South: Combining black sprouted wheat

Combining wheat over the August Bank Holiday weekend in the south of England is not that unusual. Twenty years ago we’d congratulate ourselves if we managed to finish before the beginning of September.

 

Combining black, sprouted wheat over the holiday weekend, however, is unusual. I can only put it down to the premature ripening, and subsequent dormancy, of the wheat caused by the drought in June and July causing the wheat to spoil so badly in the recent rains. I’m sure we’ve had this amount of rain before in August without the crops suffering quite so much.

 

On the bright side (ever the optimist) the rain has stimulated a fantastic chit of volunteers and weeds in all circumstances. Not spraying these weeds off pre-drilling, especially grassweeds in cereals and broad-leaved weeds in rape is like re-painting a tractor without washing the mud off first.
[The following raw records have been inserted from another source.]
lemma descend_to_linear:
  assumes "s < d" "\<delta> \<le> 1" and q: "gauss_poly q" "degree q = Suc s"
    and corr_q: "corr_threshold \<delta> (d - s) \<le> \<bar>corr s q\<bar>"
    and Y: "X \<le> Y" "D \<subseteq> gbox (2 * Y)"
    and err: "\<delta> / card (gbox X)
        + (real d + 1) * Mp q * (2 * (4 * X) ^ d) ^ s * ((2 * real d + 2) * Y) ^ d / N
        \<le> 3 * corr_threshold \<delta> d"
  shows "\<exists>p. gauss_poly p \<and> degree p = 1 \<and> 0 < Mp p \<and>
           Mp p \<le> 2 ^ (d * (2 * d + 1)) * Mp q * X ^ d\<^sup>2 \<and>
           corr_threshold \<delta> d \<le> \<bar>avg (gbox N) (\<lambda>n. avg D (\<lambda>x. f n * f (n + poly p x)))\<bar>"
proof -
  define F where "F = 2 * (4 * X) ^ d"
  define B where "B = (real d + 1) * (Mp q * F ^ s / 2) * ((2 * real d + 2) * Y) ^ d"
  have err_B: "\<delta> / card (gbox X) + 2 * B / N \<le> 3 * corr_threshold \<delta> d"
    using err unfolding B_def F_def by (simp add: mult_ac)
  have "1 \<le> F" unfolding F_def using X_ge_1 one_le_power[of "4 * X" d] by linarith
  have bound: "norm (poly p (sigma x hs)) \<le> B"
    if "degree p \<le> d" "Mp p \<le> Mp q * F ^ s" "x \<in> D" "j \<le> s" "hs \<in> gbox_pow X j" for p x j hs
  proof -
    have "norm (poly p (sigma x hs)) \<le> (real d + 1) * (Mp p / 2) * ((2 * real d + 2) * Y) ^ d"
      using that Y X_ge_1 \<open>s < d\<close> by (intro norm_poly_sigma_le[where j = j]) auto
    also have "\<dots> \<le> B"
      unfolding B_def using that(2) Mp_nonneg[of p] Mp_nonneg[of q] \<open>1 \<le> F\<close> X_ge_1 Y(1)
      by (intro mult_mono) auto
    finally show ?thesis .
  qed
  have growth: "Mp (difference_poly p h1 h2) \<le> F * Mp p"
    if "degree p \<le> d" "h1 \<in> gbox X" "h2 \<in> gbox X" for p h1 h2
    unfolding F_def using Mp_difference_poly_gbox_le[OF X_ge_1 that] .
  have "\<exists>p. gauss_poly p \<and> degree p = 1 \<and> Mp p \<le> Mp q * F ^ s \<and> corr_threshold \<delta> d \<le> \<bar>corr 0 p\<bar>"
    using descend_degree[OF \<open>1 \<le> F\<close> Mp_nonneg \<open>s < d\<close> \<open>\<delta> \<le> 1\<close> bound growth err_B, where k = s and q = q]
      q corr_q by simp
  then obtain p where p: "gauss_poly p" "degree p = 1" "Mp p \<le> Mp q * F ^ s"
      "corr_threshold \<delta> d \<le> \<bar>corr 0 p\<bar>"
    by blast
  have "Mp p \<le> 2 ^ (d * (2 * d + 1)) * Mp q * X ^ d\<^sup>2"
    using p(3) mult_left_mono[OF growth_power_le[OF X_ge_1 \<open>s < d\<close>] Mp_nonneg[of q]]
    unfolding F_def by (simp add: mult_ac)
  moreover have "0 < Mp p" using p(2) by (intro Mp_pos) auto
  ultimately show ?thesis using p by (auto simp: corr_0)
qed

end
Anybody thinking of “cultivating out” grassweeds should remember that we use a tined cultivator to remove weeds in organic cereals without killing the cereals and any grassweed bigger than 2-3 leaves is likely to survive anything other than total inversion. In other words if it’s green at all, use glyphosate and if there’s only going to be one opportunity to spray it, do it as close as possible to the time of drilling.

 

A lot of oilseed rape has been drilled in ideal conditions. I have been extremely surprised by the number of dead slugs found after a prophylactic reduced dose of slug pellets given the long dry spell before the rains came.

 

There are very few situations where I endorse a routine slug pellet application, but oilseed rape in a warm, wet summer is one of them. My rationale is that a reduced rate at drilling that allows the crop to survive and establish is better than chasing the problem with a higher dose later on.

 

At the same time I am urging everyone to follow the metaldehyde stewardship guidelines.